The test case I sent will see you quickly ending up at the vector insertion ... that's what's messing things up :)

Anyway, I'll leave it with you from here, and I look forward to the conclusion! For now we'll proceed with the patch mentioned at the top.

Thanks!

stefanseefeld commented 7 years ago

Quite possible. However, I doubt that the add_cast function was ever meant to be used for what you are trying to do. After all, conversion between two custom types isn't really in scope. I suppose the expected logic would involve registering custom converters directly to and from Python.
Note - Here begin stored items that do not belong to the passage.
lemma doubly_substochastic_pair_blocks:
  assumes "2 * P \<le> n" "\<And>b. 0 \<le> w b" "\<And>b. w b \<le> 1"
  shows "doubly_substochastic n (pair_blocks w (2 * P))"
proof -
  have rows: "(\<Sum>j<n. pair_blocks w (2 * P) i j) \<le> 1" if "i < n" for i
    using sum_row_pair_blocks[OF assms(1) that] assms(3) by simp
  moreover have "(\<Sum>i<n. pair_blocks w (2 * P) i j) \<le> 1" if "j < n" for j
    using rows[OF that] by (simp add: pair_blocks_sym[of w _ _ j])
  ultimately show ?thesis
    using assms unfolding doubly_substochastic_def pair_blocks_def by auto
qed

lemma sum_div_2:
  fixes f :: "nat \<Rightarrow> real"
  shows "(\<Sum>i<2 * P. f (i div 2)) = 2 * (\<Sum>b<P. f b)"
  by (induction P) simp_all

lemma sigma_sum_pair_blocks:
  assumes "2 * P \<le> n"
  shows "sigma_sum n (pair_blocks w (2 * P)) = 2 * (\<Sum>b<P. w b)"
proof -
  have "sigma_sum n (pair_blocks w (2 * P)) = (\<Sum>i<n. if i \<in> {..<2 * P} then w (i div 2) else 0)"
    unfolding sigma_sum_def by (intro sum.cong refl) (simp add: sum_row_pair_blocks[OF assms])
  also have "\<dots> = (\<Sum>i\<in>{..<n} \<inter> {..<2 * P}. w (i div 2))" by (simp add: sum.inter_restrict)
  also have "{..<n} \<inter> {..<2 * P} = {..<2 * P}" using assms by auto
  finally show ?thesis by (simp add: sum_div_2)
qed

lemma omega_pair_blocks_witness:
  fixes n k p r :: nat and t :: real
  assumes fits: "2 * (p + r) \<le> n" and m: "n - k + 1 = 2 * p + r" "k \<le> n"
    and t: "0 \<le> t" "t < 1" "real (n - k + 1) - 1 \<le> real (n - k + 1) * t"
  shows "\<exists>A\<in>omega n k. per n (\<lambda>i j. idm i j - A i j) = (1 + t^2)^p * (1 + (t/2)^2)^r"
proof
  define w where "w b = (if b < p then t else t / 2)" for b
  define A where "A = pair_blocks w (2 * (p + r))"
  have "doubly_substochastic n A"
    unfolding A_def using fits t by (intro doubly_substochastic_pair_blocks) (auto simp: w_def)
  moreover have "sub_defect n A = int k"
  proof -
    have "(\<Sum>b<p + r. w b) = real p * t + real r * (t / 2)"
      unfolding w_def by (induction r) (simp_all add: algebra_simps)
    hence "sigma_sum n A = real (n - k + 1) * t"
      unfolding A_def sigma_sum_pair_blocks[OF fits] m by (simp add: algebra_simps)
    moreover have "real (n - k + 1) * t < real (n - k + 1)" using t by simp
    moreover have "real (n - k + 1) = real n - real k + 1" using m(2) by (simp add: of_nat_diff)
    moreover have "real_of_int (int k) = real k" by simp
    ultimately show ?thesis
      unfolding sub_defect_def using t(3) by (intro ceiling_unique) linarith+
  qed
  ultimately show "A \<in> omega n k" unfolding omega_def by simp
  have "per n (\<lambda>i j. idm i j - A i j) = per (2 * (p + r)) (\<lambda>i j. idm i j - A i j)"
    using per_I_minus_pair_blocks_pad[of "2 * (p + r)" "n - 2 * (p + r)" w] fits
    unfolding A_def by simp
  also have "\<dots> = (\<Prod>b<p + r. 1 + (w b)^2)" unfolding A_def by (rule per_I_minus_pair_blocks) simp
  also have "\<dots> = (1 + t^2)^p * (1 + (t/2)^2)^r"
    unfolding w_def by (induction r) simp_all
  finally show "per n (\<lambda>i j. idm i j - A i j) = (1 + t^2)^p * (1 + (t/2)^2)^r" .
qed

lemma eventually_pair_blocks_value:
  fixes n k p r :: nat
  assumes "2 * (p + r) \<le> n" "n - k + 1 = 2 * p + r" "k \<le> n"
  shows "eventually (\<lambda>t. (1 + t^2)^p * (1 + (t/2)^2)^r
    \<in> {per n (\<lambda>i j. idm i j - A i j) | A. A \<in> omega n k}) (at_left 1)"
proof -
  define m where "m = real (n - k + 1)"
  have "0 \<le> (m - 1) / m" "(m - 1) / m < 1" unfolding m_def by (simp_all add: field_simps)
  hence "eventually (\<lambda>t. t \<in> {(m - 1) / m <..< 1}) (at_left 1)"
    by (intro eventually_at_left_real)
  thus ?thesis
  proof (rule eventually_mono)
    fix t assume "t \<in> {(m - 1) / m <..< 1}"
    hence t: "(m - 1) / m < t" "t < 1" by auto
    have "0 \<le> t" using t \<open>0 \<le> (m - 1) / m\<close> by linarith
    moreover have "0 < m" unfolding m_def by simp
    ultimately have "0 \<le> t" "t < 1" "m - 1 \<le> m * t"
      using t by (simp_all add: pos_divide_less_eq mult.commute)
    then obtain A where "A \<in> omega n k" "per n (\<lambda>i j. idm i j - A i j) = (1 + t^2)^p * (1 + (t/2)^2)^r"
      using omega_pair_blocks_witness[OF assms] unfolding m_def by blast
    thus "(1 + t^2)^p * (1 + (t/2)^2)^r \<in> {per n (\<lambda>i j. idm i j - A i j) | A. A \<in> omega n k}"
      by force
  qed
qed

lemma cSup_eq_of_eventually_tendsto:
  fixes S :: "real set"
  assumes upper: "\<And>x. x \<in> S \<Longrightarrow> x \<le> V"
    and "eventually (\<lambda>t. f t \<in> S) F" "F \<noteq> bot" "(f \<longlongrightarrow> V) F"
  shows "Sup S = V"
proof (rule antisym)
  have "S \<noteq> {}" using eventually_happens'[OF assms(3,2)] by auto
  thus "Sup S \<le> V" using upper by (rule cSup_least)
  have "bdd_above S" using upper by (rule bdd_aboveI)
  hence "eventually (\<lambda>t. f t \<le> Sup S) F"
    using assms(2) by (auto elim!: eventually_mono intro: cSup_upper)
  thus "V \<le> Sup S" using assms(3,4) tendsto_upperbound by blast
qed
So, if you have registered your type 'AA' with a Python wrapper type 'pAA', you'd register custom converters to convert between 'pAA' and 'A', rather than between 'AA' and 'A'. That being said, I still want to understand why calling add_cast twice for a given (src,dest) pair "resolves" the issue you are observing.

robpieke commented 7 years ago

Calling it twice resolves the issue because once all the vertices are in the graph (after the first set of calls), insert() never gets called any more, so demand_types() always returns the right values and the correct edges are inserted in the graph.

robpieke commented 7 years ago

Any further thoughts/investigations on this one? Thanks in advance!

robpieke commented 6 years ago

We're still patching boost locally (using the 1-line change from the original post) to address this. Any further thoughts?